In January 1993, when the Clinton Administration came in, Cheney supposedly briefly flirted with the idea of running for the Republican Presidential nomination in 1996. He soon dropped that idea, and instead, was hired by Halliburton as its CEO. Urban legend has it, that Cheney was picked for the Halliburton post by a group of corporate executives, during a fly-fishing vacation in Canada. but Cheney's earlier "special relationship" with Halliburton, while Secretary of Defense, certainly suggests that his post-Bush Administration future may have been sealed before he left office.

Over the five-year period from 1995-2000, Cheney took in $44 million in salary as Halliburton CEO. When he left the company to become George W. Bush's self-selected Vice Presidential running-mate, he arranged a deferred compensation deal that has given him an average of $150,000 a year in supplemental income, and stock options currently valued at over $18 million.

However much Cheney benefitted from his Halliburton relationship, the company truly made out like bandits. According to data compiled by the Center for Public Integrity, a public interest research organization in Washington, between November 2001, when the United States launched the invasion of Afghanistan, and June 2004, Halliburton raked in $11.4 billion in Bush-Cheney Administration contracts. Nearly two years later, those figures have certainly moved toward $15 billion in taxpayers' money. The next largest contractor, Parsons Corp., which has a long history of overseas U.S. government heavy construction projects, received under $5.3 billion during 2001-04.

Halliburton has truly evolved into a "New East India Company" under Cheney and Rumsfeld.

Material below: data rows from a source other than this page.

(* Let $d\ge 3$ be a prime, $\omega=e^{2\pi i/d}$, and $-\frac{1}{d^2-1}\le p\le 1$. Let $\rho_{AB}=p\,|\Psi^+\rangle\langle\Psi^+|+(1-p)\frac{\mathbb{I}}{d^2}$ on $\mathbb{C}^d\otimes\mathbb{C}^d$, where $|\Psi^+\rangle=\frac{1}{\sqrt d}\sum_{i=0}^{d-1}|ii\rangle$. Consider the $d+1$ mutually unbiased bases consisting of the computational basis $\mathcal{Z}=\{|0\rangle,\dots,|d-1\rangle\}$, the Fourier basis $\mathcal{X}=\{\mathcal{F}|0\rangle,\dots,\mathcal{F}|d-1\rangle\}$, and the bases $M_k=\{D^k\mathcal{F}|l\rangle\}_{l=0}^{d-1}$ for $k=1,\dots,d-1$. Then $I(M_k^A:M_k^B)=0$ for every $k=1,\dots,d-1$, and $$I(Z^A:Z^B)=I(X^A:X^B)=2\log(d)+d\Big(\tfrac{p}{d}+\tfrac{1-p}{d^2}\Big)\log\Big(\tfrac{p}{d}+\tfrac{1-p}{d^2}\Big)+(d^2-d)\,\tfrac{1-p}{d^2}\log\Big(\tfrac{1-p}{d^2}\Big).$$
   Context: Logarithms are base 2, $0\log 0=0$. $\mathcal{F}=\frac{1}{\sqrt d}\sum_{x,y=0}^{d-1}\omega^{xy}|x\rangle\langle y|$ and $D=\mathrm{diag}(\omega^{j^2})_{j=0}^{d-1}$. For a basis $\{|m_j\rangle\}$, $M^A,M^B$ are the outcomes when both parties measure their subsystem in that basis, with joint distribution $p(j,k)=\langle m_j\otimes m_k|\rho_{AB}|m_j\otimes m_k\rangle$, and $I(M^A:M^B)=H(M^A)+H(M^B)-H(M^AM^B)$ is the classical (Shannon) mutual information. *)

theory Defs
  imports Complex_Main "HOL-Computational_Algebra.Primes"
begin

text \<open>Vectors in C^d are functions nat => complex (only indices < d matter);
  d x d matrices are functions nat => nat => complex; vectors in C^d (x) C^d are
  functions on pairs (a,b), and operators on C^d (x) C^d are functions of two pairs.\<close>

definition omega :: "nat \<Rightarrow> complex" where
  "omega d = exp (2 * pi * \<i> / of_nat d)"

definition ket :: "nat \<Rightarrow> nat \<Rightarrow> complex" where
  "ket j = (\<lambda>a. if a = j then 1 else 0)"

definition mat_vec :: "nat \<Rightarrow> (nat \<Rightarrow> nat \<Rightarrow> complex) \<Rightarrow> (nat \<Rightarrow> complex) \<Rightarrow> nat \<Rightarrow> complex" where
  "mat_vec d A v = (\<lambda>x. \<Sum>y<d. A x y * v y)"

definition mat_mult :: "nat \<Rightarrow> (nat \<Rightarrow> nat \<Rightarrow> complex) \<Rightarrow> (nat \<Rightarrow> nat \<Rightarrow> complex) \<Rightarrow> nat \<Rightarrow> nat \<Rightarrow> complex" where
  "mat_mult d A B = (\<lambda>x z. \<Sum>y<d. A x y * B y z)"

definition id_mat :: "nat \<Rightarrow> nat \<Rightarrow> complex" where
  "id_mat = (\<lambda>x y. if x = y then 1 else 0)"

definition mat_pow :: "nat \<Rightarrow> (nat \<Rightarrow> nat \<Rightarrow> complex) \<Rightarrow> nat \<Rightarrow> nat \<Rightarrow> nat \<Rightarrow> complex" where
  "mat_pow d A k = ((mat_mult d A) ^^ k) id_mat"

definition F_mat :: "nat \<Rightarrow> nat \<Rightarrow> nat \<Rightarrow> complex" where
  "F_mat d = (\<lambda>x y. omega d ^ (x * y) / complex_of_real (sqrt (real d)))"

definition D_mat :: "nat \<Rightarrow> nat \<Rightarrow> nat \<Rightarrow> complex" where
  "D_mat d = (\<lambda>x y. if x = y then omega d ^ (x ^ 2) else 0)"

text \<open>Bases: a basis is given as a map j \<mapsto> |m_j>.\<close>
definition Z_basis :: "nat \<Rightarrow> nat \<Rightarrow> nat \<Rightarrow> complex" where
  "Z_basis d = (\<lambda>j. ket j)"

definition X_basis :: "nat \<Rightarrow> nat \<Rightarrow> nat \<Rightarrow> complex" where
  "X_basis d = (\<lambda>l. mat_vec d (F_mat d) (ket l))"

definition M_basis :: "nat \<Rightarrow> nat \<Rightarrow> nat \<Rightarrow> nat \<Rightarrow> complex" where
  "M_basis d k = (\<lambda>l. mat_vec d (mat_pow d (D_mat d) k) (mat_vec d (F_mat d) (ket l)))"

definition tensor :: "(nat \<Rightarrow> complex) \<Rightarrow> (nat \<Rightarrow> complex) \<Rightarrow> nat \<times> nat \<Rightarrow> complex" where
  "tensor v w = (\<lambda>(a, b). v a * w b)"

definition psi_plus :: "nat \<Rightarrow> nat \<times> nat \<Rightarrow> complex" where
  "psi_plus d = (\<lambda>(a, b). \<Sum>i<d. tensor (ket i) (ket i) (a, b) / complex_of_real (sqrt (real d)))"

definition rho_iso :: "nat \<Rightarrow> real \<Rightarrow> nat \<times> nat \<Rightarrow> nat \<times> nat \<Rightarrow> complex" where
  "rho_iso d p = (\<lambda>x y. complex_of_real p * psi_plus d x * cnj (psi_plus d y)
      + complex_of_real ((1 - p) / real d ^ 2) * (if x = y then 1 else 0))"

definition expect :: "nat \<Rightarrow> (nat \<times> nat \<Rightarrow> nat \<times> nat \<Rightarrow> complex) \<Rightarrow> (nat \<times> nat \<Rightarrow> complex) \<Rightarrow> complex" where
  "expect d rho u = (\<Sum>x\<in>{..<d} \<times> {..<d}. \<Sum>y\<in>{..<d} \<times> {..<d}. cnj (u x) * rho x y * u y)"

Halliburton personnel have been on the ground in every combat zone of the post-Cold War period, from Mogadishu in Somalia, to the Balkans, to the Persian Gulf and Afghanistan.

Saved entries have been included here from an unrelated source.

lemma sorted_majorants_convex_comb:
  fixes x y u v :: "real^'n::{finite,linorder}"
  assumes "u \<in> sorted_majorants a b x" "v \<in> sorted_majorants a b y" "0 \<le> t" "t \<le> 1"
  shows "(1 - t) *\<^sub>R u + t *\<^sub>R v \<in> sorted_majorants a b ((1 - t) *\<^sub>R x + t *\<^sub>R y)"
proof -
  let ?w = "(1 - t) *\<^sub>R u + t *\<^sub>R v" and ?z = "(1 - t) *\<^sub>R x + t *\<^sub>R y"
  have u: "majorizes u x" "antimono (vec_nth u)" "u \<in> box_ab a b"
    and v: "majorizes v y" "antimono (vec_nth v)" "v \<in> box_ab a b"
    using assms(1,2) unfolding sorted_majorants_def by auto
  have "?w \<in> box_ab a b" using convexD_alt[OF convex_box_ab u(3) v(3)] assms(3,4) by simp
  moreover have w: "antimono (vec_nth ?w)"
    using u(2) v(2) assms(3,4) by (auto simp: antimono_def intro!: add_mono mult_left_mono)
  moreover have sum_w: "sum_largest ?w j = (1 - t) * sum_largest u j + t * sum_largest v j"
    if "j \<le> CARD('n)" for j
    using that by (simp add: sum_largest_antimono u(2) v(2) w sum.distrib sum_distrib_left)
  have "majorizes ?w ?z" unfolding majorizes_iff_sum_largest
  proof (intro conjI allI impI)
    fix j assume j: "1 \<le> j \<and> j < CARD('n)"
    have "sum_largest ?z j \<le> (1 - t) * sum_largest x j + t * sum_largest y j"
      using j assms(3,4) by (intro sum_largest_convex) auto
    also have "\<dots> \<le> (1 - t) * sum_largest u j + t * sum_largest v j"
      using u(1) v(1) j assms(3,4) by (intro add_mono mult_left_mono) (auto simp: majorizes_iff_sum_largest)
    finally show "sum_largest ?z j \<le> sum_largest ?w j" using sum_w j by simp
  next
    show "sum_largest ?w CARD('n) = sum_largest ?z CARD('n)"
      using u(1) v(1) sum_w[of "CARD('n)"]
      by (simp add: majorizes_iff_sum_largest sum_largest_CARD sum.distrib sum_distrib_left)
  qed
  ultimately show ?thesis unfolding sorted_majorants_def by simp
qed

definition fpw_argmin :: "real \<Rightarrow> real \<Rightarrow> (real^'n::{finite,linorder} \<Rightarrow> real) \<Rightarrow> (real,'n) vec \<Rightarrow> (real,'n) vec" where
  "fpw_argmin a b phi y =
     (SOME u. u \<in> sorted_majorants a b y \<and> (\<forall>v\<in>sorted_majorants a b y. fpw a b phi u \<le> fpw a b phi v))"

lemma fpw_argmin:
  fixes y :: "real^'n::{finite,linorder}"
  assumes "a < b" "y \<in> box_ab a b"
  shows "fpw_argmin a b phi y \<in> sorted_majorants a b y"
    and "\<And>v. v \<in> sorted_majorants a b y \<Longrightarrow> fpw a b phi (fpw_argmin a b phi y) \<le> fpw a b phi v"
proof -
  have "continuous_on (sorted_majorants a b y) (fpw a b phi)"
    using assms(1) unfolding fpw_def[abs_def] by (intro continuous_intros) auto
  then have "\<exists>u\<in>sorted_majorants a b y. \<forall>v\<in>sorted_majorants a b y. fpw a b phi u \<le> fpw a b phi v"
    using continuous_attains_inf[OF compact_sorted_majorants] decr_rearrangement_in_sorted_majorants[OF assms(2)]
    by blast
  then have "fpw_argmin a b phi y \<in> sorted_majorants a b y \<and>
      (\<forall>v\<in>sorted_majorants a b y. fpw a b phi (fpw_argmin a b phi y) \<le> fpw a b phi v)"
    unfolding fpw_argmin_def by (rule someI2_bex) blast
  then show "fpw_argmin a b phi y \<in> sorted_majorants a b y"
    and "\<And>v. v \<in> sorted_majorants a b y \<Longrightarrow> fpw a b phi (fpw_argmin a b phi y) \<le> fpw a b phi v"
    by auto
qed

lemma convex_on_fpw_argmin:
  assumes "a < b"
  shows "convex_on (box_ab a b) (\<lambda>y::real^'n::{finite,linorder}. fpw a b phi (fpw_argmin a b phi y))"
proof (rule convex_onI[OF _ convex_box_ab])
  fix t :: real and x y :: "(real,'n) vec"
  assume t: "0 < t" "t < 1" and xy: "x \<in> box_ab a b" "y \<in> box_ab a b"
  let ?z = "(1 - t) *\<^sub>R x + t *\<^sub>R y"
  let ?u = "fpw_argmin a b phi x" and ?v = "fpw_argmin a b phi y"
  have "?z \<in> box_ab a b" using convexD_alt[OF convex_box_ab xy] t by simp
  moreover have "(1 - t) *\<^sub>R ?u + t *\<^sub>R ?v \<in> sorted_majorants a b ?z"
    using fpw_argmin(1)[OF assms xy(1)] fpw_argmin(1)[OF assms xy(2)] t
    by (intro sorted_majorants_convex_comb) auto
  ultimately have "fpw a b phi (fpw_argmin a b phi ?z) \<le> fpw a b phi ((1 - t) *\<^sub>R ?u + t *\<^sub>R ?v)"
    using fpw_argmin(2)[OF assms] by blast
  then show "fpw a b phi (fpw_argmin a b phi ?z) \<le> (1 - t) * fpw a b phi ?u + t * fpw a b phi ?v"
    by (simp add: fpw_affine)
qed

lemma antimono_vertex_eq_pcol:
  fixes w :: "real^'n::{finite,linorder}"
  assumes "a < b" "w \<in> vert_ab a b" "antimono (vec_nth w)"
  obtains k where "k \<le> CARD('n)" "w = pcol a b k"
proof -
  define D where "D = {m. m < CARD('n) \<and> w $ idx m = b}"
  have D_down: "m' \<in> D" if "m \<in> D" "m' \<le> m" for m m'
  proof -
    have "idx m' \<le> (idx m :: 'n)" using that unfolding D_def by (simp add: idx_le_idx_iff)
    then have "b \<le> w $ idx m'" using that antimonoD[OF assms(3)] unfolding D_def by fastforce
    moreover have "w $ idx m' = a \<or> w $ idx m' = b" using assms(2) unfolding vert_ab_def by blast
    moreover have "m' < CARD('n)" using that unfolding D_def by simp
    ultimately show ?thesis using assms(1) unfolding D_def by auto
  qed
  have D: "D = {..<card D}"
  proof (cases "D = {}")
    case False
    have "finite D" unfolding D_def by simp
    then have "D = {..Max D}" using D_down Max_ge Max_in[OF _ False] by auto
    then show ?thesis by (metis card_atMost lessThan_Suc_atMost)
  qed simp
  have "card D \<le> CARD('n)"
    using card_mono[of "{..<CARD('n)}" D] by (auto simp: D_def)
  moreover have "w = pcol a b (card D)"
  proof (subst vec_eq_iff, intro allI)
    fix i :: 'n
    obtain m where m: "m < CARD('n)" "i = idx m" by (rule obtain_idx)
    have "m \<in> D \<longleftrightarrow> m < card D" using D by auto
    then show "w $ i = pcol a b (card D) $ i"
      using m assms(1,2) by (auto simp: pcol_idx D_def vert_ab_def not_le)
  qed
  ultimately show thesis using that by blast
qed

lemma fpw_argmin_le_vertex:
  fixes v :: "real^'n::{finite,linorder}"
  assumes "a < b" "perm_invariant_on (box_ab a b) phi" "v \<in> box_ab a b" "v \<in> vert_ab a b"
  shows "fpw a b phi (fpw_argmin a b phi v) \<le> phi v"
proof -
  let ?w = "decr_rearrangement v"
  obtain \<sigma> where \<sigma>: "\<sigma> permutes UNIV" "?w = (\<chi> i. v $ \<sigma> i)"
    by (rule decr_rearrangement_permute)
  have "?w \<in> vert_ab a b" using assms(4) unfolding \<sigma>(2) vert_ab_def by simp
  then obtain k where k: "k \<le> CARD('n)" "?w = pcol a b k"
    using antimono_vertex_eq_pcol[OF assms(1) _ antimono_decr_rearrangement] by blast
  have "fpw a b phi (fpw_argmin a b phi v) \<le> fpw a b phi ?w"
    using fpw_argmin(2)[OF assms(1,3)] decr_rearrangement_in_sorted_majorants[OF assms(3)] by blast
  also have "\<dots> = phi ?w" unfolding k(2) by (rule fpw_pcol[OF assms(1) k(1)])
  also have "\<dots> = phi v"
    using assms(2,3) \<sigma> unfolding perm_invariant_on_def by simp
  finally show ?thesis .
qed

lemma fpw_argmin_le_conv_env_vertices:
  fixes x :: "real^'n::{finite,linorder}"
  assumes "a < b" "perm_invariant_on (box_ab a b) phi"
  shows "ereal (fpw a b phi (fpw_argmin a b phi x))
    \<le> conv_env (box_ab a b) (\<lambda>y. if y \<in> vert_ab a b then ereal (phi y) else \<infinity>) x"
  unfolding conv_env_def
proof (rule SUP_upper, intro CollectI conjI ballI)
  show "convex_on (box_ab a b) (\<lambda>y. fpw a b phi (fpw_argmin a b phi y))"
    by (rule convex_on_fpw_argmin[OF assms(1)])
  fix y :: "(real,'n) vec"
  assume "y \<in> box_ab a b"
  then show "ereal (fpw a b phi (fpw_argmin a b phi y)) \<le> (if y \<in> vert_ab a b then ereal (phi y) else \<infinity>)"
    using fpw_argmin_le_vertex[OF assms] by simp
qed

theorem mainTheorem16:
  fixes a b :: real and phi :: "real^'n::{finite,linorder} \<Rightarrow> real"
  assumes "a < b"
    and "perm_invariant_on (box_ab a b) phi"
    and "\<forall>x\<in>box_ab a b. conv_env (box_ab a b) (\<lambda>y. ereal (phi y)) x
           = conv_env (box_ab a b) (\<lambda>y. if y \<in> vert_ab a b then ereal (phi y) else \<infinity>) x"
    and "x \<in> box_ab a b"
  shows "\<exists>u. (majorizes u x \<and> (\<forall>i k. i \<le> k \<longrightarrow> u $ k \<le> u $ i) \<and> (\<forall>i. a \<le> u $ i \<and> u $ i \<le> b))
           \<and> (\<forall>v. majorizes v x \<and> (\<forall>i k. i \<le> k \<longrightarrow> v $ k \<le> v $ i) \<and> (\<forall>i. a \<le> v $ i \<and> v $ i \<le> b)
                  \<longrightarrow> fpw a b phi u \<le> fpw a b phi v)
           \<and> conv_env (box_ab a b) (\<lambda>y. ereal (phi y)) x = ereal (fpw a b phi u)"
proof -
  let ?u = "fpw_argmin a b phi x"
  have feasible_iff: "v \<in> sorted_majorants a b x \<longleftrightarrow>
      majorizes v x \<and> (\<forall>i k. i \<le> k \<longrightarrow> v $ k \<le> v $ i) \<and> (\<forall>i. a \<le> v $ i \<and> v $ i \<le> b)" for v
    unfolding sorted_majorants_def box_ab_def antimono_def by auto
  have u: "majorizes ?u x" "antimono (vec_nth ?u)" "?u \<in> box_ab a b"
    using fpw_argmin(1)[OF assms(1,4)] unfolding sorted_majorants_def by auto
  have "conv_env (box_ab a b) (\<lambda>y. ereal (phi y)) x \<le> ereal (fpw a b phi ?u)"
    using conv_env_le_fpw[OF assms(1,2) u(2,3,1)] .
  moreover have "ereal (fpw a b phi ?u) \<le> conv_env (box_ab a b) (\<lambda>y. ereal (phi y)) x"
    using fpw_argmin_le_conv_env_vertices[OF assms(1,2)] assms(3,4) by simp
  ultimately show ?thesis
    using fpw_argmin[OF assms(1,4)] feasible_iff by (intro exI[of _ ?u]) (simp add: order_antisym)
qed

end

They lead the pack, but they are not alone. All told, an estimated $150 billion in Pentagon funds has been passed along to "PMCs" since the start of the Bush-Cheney Administration. In Iraq alone, Pentagon auditors have been unable to account for $200 million in funds passed out to contractors, according to one well-placed government source. Those missing funds don't even take into account billions of lost dollars, in the form of overcharging by contractors.

Beyond the staggering dollar figures, Cheney and Rumsfeld have presided over a massive privatization of military functions, from logistical support, combat engineering and interrogations, to the actual deployment of battlefield surveillance drones (unmanned aerial vehicles—UAVs) and other core combat functions.

When it was time for the Pentagon to update the Army field manual on the role of private contractors in combat zones, they even outsourced that project—to Military Professional Resources Incorporated (MPRI), one of the first U.S. companies established exclusively to conduct privatized military operations.

Dan Guttman, a Fellow at Johns Hopkins University, who works with the Center for Public Integrity, told The New Yorker's Mayer that after five years of Bush-Cheney cuts in government jobs, replacing them with PMCs, "contractors have become so big and entrenched that it's a fiction that the government maintains any control."

Peter W. Singer, a Fellow at Brookings Institution—an attendee at the Shultz-Rohatyn Middlebury conference, who authored a 2003 book, Corporate Warriors—warned, "We're turning the lifeblood of our defense over to the marketplace."

Retired Air Force Col. Sam Gardiner zeroed in on another critical factor driving Cheney, Shultz, and Rohatyn to push the privatization of national security: their commitment to a strategy of imperial perpetual war. "It makes it too easy to go to war," Gardiner warned. "When you can hire people to go to war, there's none of the grumbling and the political friction." Gardiner told Mayer that he is convinced that, without the ability to draw on well over 150,000 PMC contractors in Iraq, Cheney et al. might never have succeeded in selling the Iraq War to Congress, because the invasion and occupation would have required well over 300,000 troops—precisely the number that Gen. Eric Shinseki told Rumsfeld would be needed to do the job. (For his candor, Shinseki was sacked as Army Chief of Staff.) "Think how much harder it would have been to get Congress, or the American people, to support those numbers," Gardiner concluded.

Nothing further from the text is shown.